-
-
Notifications
You must be signed in to change notification settings - Fork 748
Description
This issue is meant for higher-level discussion around dropping Tornado and our async infrastructure #6047.
I count 42 instances of loop.add_callback or loop.call_later in distributed. That's equivalent to saying we have 42 goto statements in distributed.
Unfamiliar with this comparison? Please read https://vorpus.org/blog/notes-on-structured-concurrency-or-go-statement-considered-harmful. (This whole issue is really just saying "please read this". If you've read it, read it again. It took me a few reads for the ideas to really sink in.)
The basic idea is that when you use add_callback, or asyncio.create_task (or go in golang, etc.), you're starting something to run concurrently, but not dealing with the endgame:
- what if the callback raises an error?
- what if an error occurs somewhere else and you now need to cancel the callback?
- how do you even know when the callback is done?
This can be fine. But because you can just fire off callbacks willy-nilly and not deal with their consequences or lifetimes, it's very hard to reason about and maintain code that does this. (For the same reason code that uses goto statements can work, but is hard to reason about and maintain.) When things go as expected, they probably work, but when anything unexpected happens, it's very easy to go off the rails. Of course, a distributed system is just the kind of system where unexpected things are nearly guaranteed to happen, and it's unacceptable to not handle them correctly when they do.
Here are some recent issues that I think, at their core, stem from using unstructured concurrency. That is, using structured concurrency, we'd either not (be likely/able to) design something that could get into this sort of broken state, or an unhandled error would propagate up and shut down the whole worker, instead of ignoring the error and hobbling along doing the wrong thing as though everything's fine:
BaseExceptionin task leads to task never completing #5958 (exception not propagated inexecute)- Deadlock stealing a
resumedtask #6159 (can't cancelgather_depcoroutine) - Missing input data for a task should fail worker, not the task #6142 (can't propagate exception from
execute) - Properly support restarting
BatchedSend#5481 (coroutine assumed running when it's failed; exception not propagated) - KeyError in gather_dep #6194 (exception not propagated)

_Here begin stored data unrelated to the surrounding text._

(* Let $\mathcal{A} = \langle \Sigma, Q, \Delta, q_0\rangle$ be a substochastic automaton and $K$ a regular language over $Q \times \Sigma \times Q$ accepted by a deterministic finite automaton $\mathcal{K}=\langle Q \times \Sigma \times Q, Q_K, \Delta_K, q_K, F\rangle$. Then $\mathbf{P}_\mathcal{A}(K) = L^{\mathcal{A} \| \mathcal{K}}_{(q_0, q_K)}$.
   Context: A substochastic automaton (SA) is a tuple $\langle \Sigma, Q, \Delta, q_0\rangle$ with $\Sigma$ a finite alphabet, $Q$ a finite set of states, $q_0$ the initial state and $\Delta: Q \to ((\Sigma\times Q)\uplus\{\mathrm{stop}\}\to[0,1])$, where $\mathrm{stop}$ is a special termination action, such that $\sum_x \Delta(q)(x) \le 1$ for every $q$. A complete run from $q$ is a finite sequence $q \xrightarrow{a_1} q_1 \cdots \xrightarrow{a_n} q_n\,\mathrm{stop}$ of positive-probability transitions followed by termination; $CRun_q(\mathcal{A})$ denotes the set of complete runs from $q$ and $CRun(\mathcal{A}) = CRun_{q_0}(\mathcal{A})$. The weight of a complete run is $\mathbf{P}_\mathcal{A}(q\,\mathrm{stop}) = \Delta(q)(\mathrm{stop})$ and $\mathbf{P}_\mathcal{A}(q\xrightarrow{a}\rho) = \Delta(q)(a,r)\cdot\mathbf{P}_\mathcal{A}(\rho)$ with $r$ the first state of $\rho$. For an SA $\mathcal{B}$ and state $q$, $L^{\mathcal{B}}_q = \mathbf{P}_{\mathcal{B}}(CRun_q(\mathcal{B}))$. $\mathbf{P}_\mathcal{A}(K)$ is the sum of $\mathbf{P}_\mathcal{A}(\rho)$ over complete runs $\rho\in CRun(\mathcal{A})$ whose sequence of transitions $(q_{i-1},a_i,q_i)$ forms a word in $K$. The synchronized product $\mathcal{A}\|\mathcal{K}$ is the SA $\langle \Sigma, Q\times Q_K, \Delta', (q_0,q_K)\rangle$ where, for $\mu = \Delta(q_1)$, $\Delta'(q_1,r_1) = \nu$ with $\nu(a,(q_2,r_2)) = \mu(a,q_2)$ if $r_1 \xrightarrow{(q_1,a,q_2)} r_2 \in \Delta_K$ and $0$ otherwise, and $\nu(\mathrm{stop}) = \mu(\mathrm{stop})$ if $r_1\in F$ and $0$ otherwise. *)

theory Defs
  imports "HOL-Analysis.Analysis"
begin

text \<open>The transition function Delta maps a state q to a function on actions, i.e. on
  (Sigma x Q) disjoint-union {stop}.\<close>
datatype ('s, 'q) act = Stop | Go 's 'q

definition is_SA :: "'s set \<Rightarrow> 'q set \<Rightarrow> ('q \<Rightarrow> ('s, 'q) act \<Rightarrow> real) \<Rightarrow> 'q \<Rightarrow> bool" where
  "is_SA Sig Q Delta q0 \<longleftrightarrow>
     finite Sig \<and> finite Q \<and> q0 \<in> Q \<and>
     (\<forall>q\<in>Q.
        (\<forall>x. 0 \<le> Delta q x \<and> Delta q x \<le> 1) \<and>
        (\<forall>a r. (a \<notin> Sig \<or> r \<notin> Q) \<longrightarrow> Delta q (Go a r) = 0) \<and>
        Delta q Stop + (\<Sum>(a, r)\<in>Sig \<times> Q. Delta q (Go a r)) \<le> 1)"

text \<open>A run from q is represented by the list of steps (a_1,q_1),...,(a_n,q_n).\<close>
fun pos_path :: "('q \<Rightarrow> ('s, 'q) act \<Rightarrow> real) \<Rightarrow> 'q \<Rightarrow> ('s \<times> 'q) list \<Rightarrow> bool" where
  "pos_path Delta q [] = True"
| "pos_path Delta q ((a, r) # xs) = (Delta q (Go a r) > 0 \<and> pos_path Delta r xs)"

fun end_state :: "'q \<Rightarrow> ('s \<times> 'q) list \<Rightarrow> 'q" where
  "end_state q [] = q"
| "end_state q ((a, r) # xs) = end_state r xs"

definition CRun :: "('q \<Rightarrow> ('s, 'q) act \<Rightarrow> real) \<Rightarrow> 'q \<Rightarrow> ('s \<times> 'q) list set" where
  "CRun Delta q = {xs. pos_path Delta q xs \<and> Delta (end_state q xs) Stop > 0}"

fun run_weight :: "('q \<Rightarrow> ('s, 'q) act \<Rightarrow> real) \<Rightarrow> 'q \<Rightarrow> ('s \<times> 'q) list \<Rightarrow> real" where
  "run_weight Delta q [] = Delta q Stop"
| "run_weight Delta q ((a, r) # xs) = Delta q (Go a r) * run_weight Delta r xs"

fun trans_word :: "'q \<Rightarrow> ('s \<times> 'q) list \<Rightarrow> ('q \<times> 's \<times> 'q) list" where
  "trans_word q [] = []"
| "trans_word q ((a, r) # xs) = (q, a, r) # trans_word r xs"

definition L_SA :: "('q \<Rightarrow> ('s, 'q) act \<Rightarrow> real) \<Rightarrow> 'q \<Rightarrow> real" where
  "L_SA Delta q = (\<Sum>\<^sub>\<infinity>xs\<in>CRun Delta q. run_weight Delta q xs)"

definition P_lang :: "('q \<Rightarrow> ('s, 'q) act \<Rightarrow> real) \<Rightarrow> 'q \<Rightarrow> ('q \<times> 's \<times> 'q) list set \<Rightarrow> real" where
  "P_lang Delta q0 K = (\<Sum>\<^sub>\<infinity>xs\<in>{xs \<in> CRun Delta q0. trans_word q0 xs \<in> K}. run_weight Delta q0 xs)"

definition is_DFA :: "'x set \<Rightarrow> 'k set \<Rightarrow> ('k \<times> 'x \<times> 'k) set \<Rightarrow> 'k \<Rightarrow> 'k set \<Rightarrow> bool" where
  "is_DFA Alph QK DK qK F \<longleftrightarrow>
     finite Alph \<and> finite QK \<and> qK \<in> QK \<and> F \<subseteq> QK \<and> DK \<subseteq> QK \<times> Alph \<times> QK \<and>
     (\<forall>r x r1 r2. (r, x, r1) \<in> DK \<longrightarrow> (r, x, r2) \<in> DK \<longrightarrow> r1 = r2)"

fun dfa_steps :: "('k \<times> 'x \<times> 'k) set \<Rightarrow> 'k \<Rightarrow> 'x list \<Rightarrow> 'k \<Rightarrow> bool" where
  "dfa_steps DK r [] r' = (r' = r)"
| "dfa_steps DK r (x # w) r' = (\<exists>r1. (r, x, r1) \<in> DK \<and> dfa_steps DK r1 w r')"

definition dfa_lang :: "('k \<times> 'x \<times> 'k) set \<Rightarrow> 'k \<Rightarrow> 'k set \<Rightarrow> 'x list set" where
  "dfa_lang DK qK F = {w. \<exists>r\<in>F. dfa_steps DK qK w r}"

fun prod_delta :: "('q \<Rightarrow> ('s, 'q) act \<Rightarrow> real) \<Rightarrow> ('k \<times> ('q \<times> 's \<times> 'q) \<times> 'k) set \<Rightarrow> 'k set
                   \<Rightarrow> ('q \<times> 'k) \<Rightarrow> ('s, 'q \<times> 'k) act \<Rightarrow> real" where
  "prod_delta Delta DK F (q1, r1) Stop = (if r1 \<in> F then Delta q1 Stop else 0)"
| "prod_delta Delta DK F (q1, r1) (Go a (q2, r2)) =
     (if (r1, (q1, a, q2), r2) \<in> DK then Delta q1 (Go a q2) else 0)"

end

theory Submission
  imports Defs
begin

text \<open>A run of the product \<open>\<A> \<parallel> \<K>\<close> from \<open>(q, r)\<close> is a run of \<open>\<A>\<close> from \<open>q\<close> decorated with the
  states that \<open>\<K>\<close> passes through while reading its transition word. Forgetting the decoration
  maps the complete runs of the product onto the complete runs of \<open>\<A>\<close> whose word is accepted
  by \<open>\<K>\<close>; it preserves weights, and it is injective because \<open>\<K>\<close> is deterministic. Hence the
  two sums are the same sum, reindexed.\<close>

definition strip_dfa_states :: "('s \<times> ('q \<times> 'k)) list \<Rightarrow> ('s \<times> 'q) list" where
  "strip_dfa_states = map (\<lambda>(a, (q, r)). (a, q))"

lemma strip_dfa_states_simps [simp]:
  "strip_dfa_states [] = []"
  "strip_dfa_states ((a, (q, r)) # ys) = (a, q) # strip_dfa_states ys"
  by (simp_all add: strip_dfa_states_def)

lemma strip_dfa_states_eq_Nil_iff [simp]:
  "strip_dfa_states ys = [] \<longleftrightarrow> ys = []" "[] = strip_dfa_states ys \<longleftrightarrow> ys = []"
  by (auto simp: strip_dfa_states_def)

lemma fst_end_state_strip_dfa_states:
  "fst (end_state (q, r) ys) = end_state q (strip_dfa_states ys)"
  by (induction ys arbitrary: q r) auto

lemma pos_path_strip_dfa_states:
  "pos_path (prod_delta Delta DK F) (q, r) ys \<Longrightarrow> pos_path Delta q (strip_dfa_states ys)"
  by (induction ys arbitrary: q r) (auto split: if_splits)

lemma dfa_steps_trans_word_strip_dfa_states:
  "pos_path (prod_delta Delta DK F) (q, r) ys \<Longrightarrow>
     dfa_steps DK r (trans_word q (strip_dfa_states ys)) (snd (end_state (q, r) ys))"
  by (induction ys arbitrary: q r) (auto split: if_splits intro!: exI)

lemma run_weight_prod_delta:
  "pos_path (prod_delta Delta DK F) (q, r) ys \<Longrightarrow>
     run_weight (prod_delta Delta DK F) (q, r) ys =
       (if snd (end_state (q, r) ys) \<in> F then run_weight Delta q (strip_dfa_states ys) else 0)"
  by (induction ys arbitrary: q r) (auto split: if_splits)

lemma lift_pos_path_prod_delta:
  assumes "pos_path Delta q xs" and "dfa_steps DK r (trans_word q xs) r'"
  obtains ys where "pos_path (prod_delta Delta DK F) (q, r) ys" "strip_dfa_states ys = xs"
    "end_state (q, r) ys = (end_state q xs, r')"
  using assms
proof (induction xs arbitrary: q r thesis)
  case Nil
  then show ?case by auto
next
  case (Cons x xs)
  obtain a q' where x: "x = (a, q')" by fastforce
  from Cons.prems(2,3) x obtain r1 where step: "(r, (q, a, q'), r1) \<in> DK" "Delta q (Go a q') > 0"
    and rest: "pos_path Delta q' xs" "dfa_steps DK r1 (trans_word q' xs) r'"
    by auto
  obtain ys where "pos_path (prod_delta Delta DK F) (q', r1) ys" "strip_dfa_states ys = xs"
    "end_state (q', r1) ys = (end_state q' xs, r')"
    using Cons.IH[OF _ rest] by blast
  with step x show ?case
    by (intro Cons.prems(1)[of "(a, (q', r1)) # ys"]) auto
qed

lemma inj_on_strip_dfa_states:
  assumes det: "\<And>r x r1 r2. (r, x, r1) \<in> DK \<Longrightarrow> (r, x, r2) \<in> DK \<Longrightarrow> r1 = r2"
  shows "inj_on strip_dfa_states {ys. pos_path (prod_delta Delta DK F) (q, r) ys}"
proof -
  have "ys = zs"
    if "pos_path (prod_delta Delta DK F) (q, r) ys" "pos_path (prod_delta Delta DK F) (q, r) zs"
      "strip_dfa_states ys = strip_dfa_states zs" for ys zs
    using that
  proof (induction ys arbitrary: q r zs)
    case Nil
    then show ?case by simp
  next
    case (Cons y ys)
    obtain a q' r' where y: "y = (a, (q', r'))" by (metis prod.exhaust)
    from Cons.prems(3) y obtain r'' zs' where zs: "zs = (a, (q', r'')) # zs'"
      and same: "strip_dfa_states ys = strip_dfa_states zs'"
      by (cases zs) auto
    from Cons.prems(1,2) y zs have "(r, (q, a, q'), r') \<in> DK" "(r, (q, a, q'), r'') \<in> DK"
      and "pos_path (prod_delta Delta DK F) (q', r') ys" "pos_path (prod_delta Delta DK F) (q', r'') zs'"
      by (auto split: if_splits)
    with det Cons.IH same show ?case
      unfolding y zs by blast
  qed
  then show ?thesis
    by (auto intro: inj_onI)
qed

lemma strip_dfa_states_CRun_prod_delta:
  "strip_dfa_states ` CRun (prod_delta Delta DK F) (q, r) =
     {xs \<in> CRun Delta q. trans_word q xs \<in> dfa_lang DK r F}"
proof (intro set_eqI iffI)
  fix xs
  assume "xs \<in> strip_dfa_states ` CRun (prod_delta Delta DK F) (q, r)"
  then obtain ys where xs: "xs = strip_dfa_states ys"
    and path: "pos_path (prod_delta Delta DK F) (q, r) ys"
    and stop: "prod_delta Delta DK F (end_state (q, r) ys) Stop > 0"
    by (auto simp: CRun_def)
  obtain q1 r1 where "end_state (q, r) ys = (q1, r1)" by fastforce
  with stop fst_end_state_strip_dfa_states[of q r ys]
    dfa_steps_trans_word_strip_dfa_states[OF path] pos_path_strip_dfa_states[OF path]
  show "xs \<in> {xs \<in> CRun Delta q. trans_word q xs \<in> dfa_lang DK r F}"
    by (auto simp: xs CRun_def dfa_lang_def split: if_splits)
next
  fix xs
  assume "xs \<in> {xs \<in> CRun Delta q. trans_word q xs \<in> dfa_lang DK r F}"
  then obtain r' where path: "pos_path Delta q xs" and stop: "Delta (end_state q xs) Stop > 0"
    and "r' \<in> F" and "dfa_steps DK r (trans_word q xs) r'"
    by (auto simp: CRun_def dfa_lang_def)
  then obtain ys where "pos_path (prod_delta Delta DK F) (q, r) ys" "strip_dfa_states ys = xs"
    "end_state (q, r) ys = (end_state q xs, r')"
    by (metis lift_pos_path_prod_delta)
  with stop \<open>r' \<in> F\<close> show "xs \<in> strip_dfa_states ` CRun (prod_delta Delta DK F) (q, r)"
    by (force simp: CRun_def)
qed

lemma run_weight_prod_delta_CRun:
  assumes "ys \<in> CRun (prod_delta Delta DK F) (q, r)"
  shows "run_weight (prod_delta Delta DK F) (q, r) ys = run_weight Delta q (strip_dfa_states ys)"
proof -
  obtain q1 r1 where end_eq: "end_state (q, r) ys = (q1, r1)" by fastforce
  with assms have "pos_path (prod_delta Delta DK F) (q, r) ys" "r1 \<in> F"
    by (auto simp: CRun_def split: if_splits)
  with end_eq show ?thesis
    using run_weight_prod_delta by fastforce
qed

theorem lemma2:
  fixes Sig :: "'s set" and Q :: "'q set" and Delta :: "'q \<Rightarrow> ('s, 'q) act \<Rightarrow> real" and q0 :: 'q
    and QK :: "'k set" and DK :: "('k \<times> ('q \<times> 's \<times> 'q) \<times> 'k) set" and qK :: 'k and F :: "'k set"
  assumes "is_SA Sig Q Delta q0"
    and "is_DFA (Q \<times> Sig \<times> Q) QK DK qK F"
  shows "P_lang Delta q0 (dfa_lang DK qK F) = L_SA (prod_delta Delta DK F) (q0, qK)"
proof -
  let ?runs = "CRun (prod_delta Delta DK F) (q0, qK)"
  have "inj_on strip_dfa_states ?runs"
    using assms(2) inj_on_strip_dfa_states[of DK Delta F q0 qK]
    by (auto simp: is_DFA_def CRun_def intro: inj_on_subset)
  then have "P_lang Delta q0 (dfa_lang DK qK F) = (\<Sum>\<^sub>\<infinity>ys\<in>?runs. run_weight Delta q0 (strip_dfa_states ys))"
    unfolding P_lang_def strip_dfa_states_CRun_prod_delta[symmetric]
    by (simp add: infsum_reindex comp_def)
  also have "\<dots> = L_SA (prod_delta Delta DK F) (q0, qK)"
    unfolding L_SA_def by (rule infsum_cong) (simp add: run_weight_prod_delta_CRun)
  finally show ?thesis .
qed

end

- Deadlock - task not running #5366 (exception not propagated?)
- [Retrospective] Use of ContextVars for passing stimulus_id's within the Scheduler #6107 (contextvars mishandled in async framework)
- Keyboard Interrupt of the
dask-schedulerCLI results intornado.util.TimeoutError#5955 (handling shutdown mess) - Error closing a local cluster when client still running #6087 (handling shutdown mess)
- I'll also include the recent things involving
gather_dep, since I think not being able to cancel or respond to errors with in-progressgather_depcallbacks is the core reason it's so brittle (Deadlock stealing aresumedtask #6159 (comment)). And using structured concurrency, it would be awkward/non-idiomatic to implement something like our current design.
I'm not saying "we need to rewrite all of distributed to use trio right now!" I recognize this isn't going to happen immediately.
But I think we should at least take the concepts of structured concurrency to heart. TaskGroups are getting added to asyncio in py3.11, and are available now in aiotools and anyio. When using concurrency, we should always:
- Have a way for the coroutine to propagate errors upwards
- Have a way to cancel the coroutine
This is kinda possible to do just with plain asyncio... it's just that to do it easily and consistently and reliably (in the face of signal handlers, __del__ methods, exceptions in finally blocks, etc.) you'd start wishing you were using trio.
Also, switching to using trio/anyio may not be as dramatic as you'd think. Trio can be hard to adopt because it doesn't support asyncio-based libraries (though anyio can help with this). But good news—we're not using any asyncio-based libraries (besides Tornado)!
And we might not have to immediately rewrite every loop.add_callback to do structured concurrency "properly" (an async with trio.nursery() block, etc.). Trio's clever "escape hatch" means we could just store a global Nursery object on the Worker/Scheduler/Client instance, and use it a lot like we use the current event loop. Replace self.loop.add_callback -> self.nursery.start_soon and we're in a strictly better state than we were before, because now previously-unhandled exceptions (aka fatal errors) in callbacks will propagate and cleanly shut down the whole worker/scheduler/client. Dramatic, but correct, and better than deadlocking. And then we can go gradually better-structure these places once the tools are available.
But, that said... structured concurrency is so fundamentally different from the traditional horrid mess of callbacks that there's debate on anyio around whether to even write a tutorial on how to port asyncio libraries: agronholm/anyio#245 (comment). It's considered unlikely that trio's advances could be brought back to asyncio. It's probably reasonable to expect that adopting structured concurrency would, eventually, mean many of our existing systems would get re-architected. But if we can do that incrementally (which we probably can with anyio), I think we'd end up in a much more reliable and maintainable state than it would be possible to have with the current unstructured callbacks.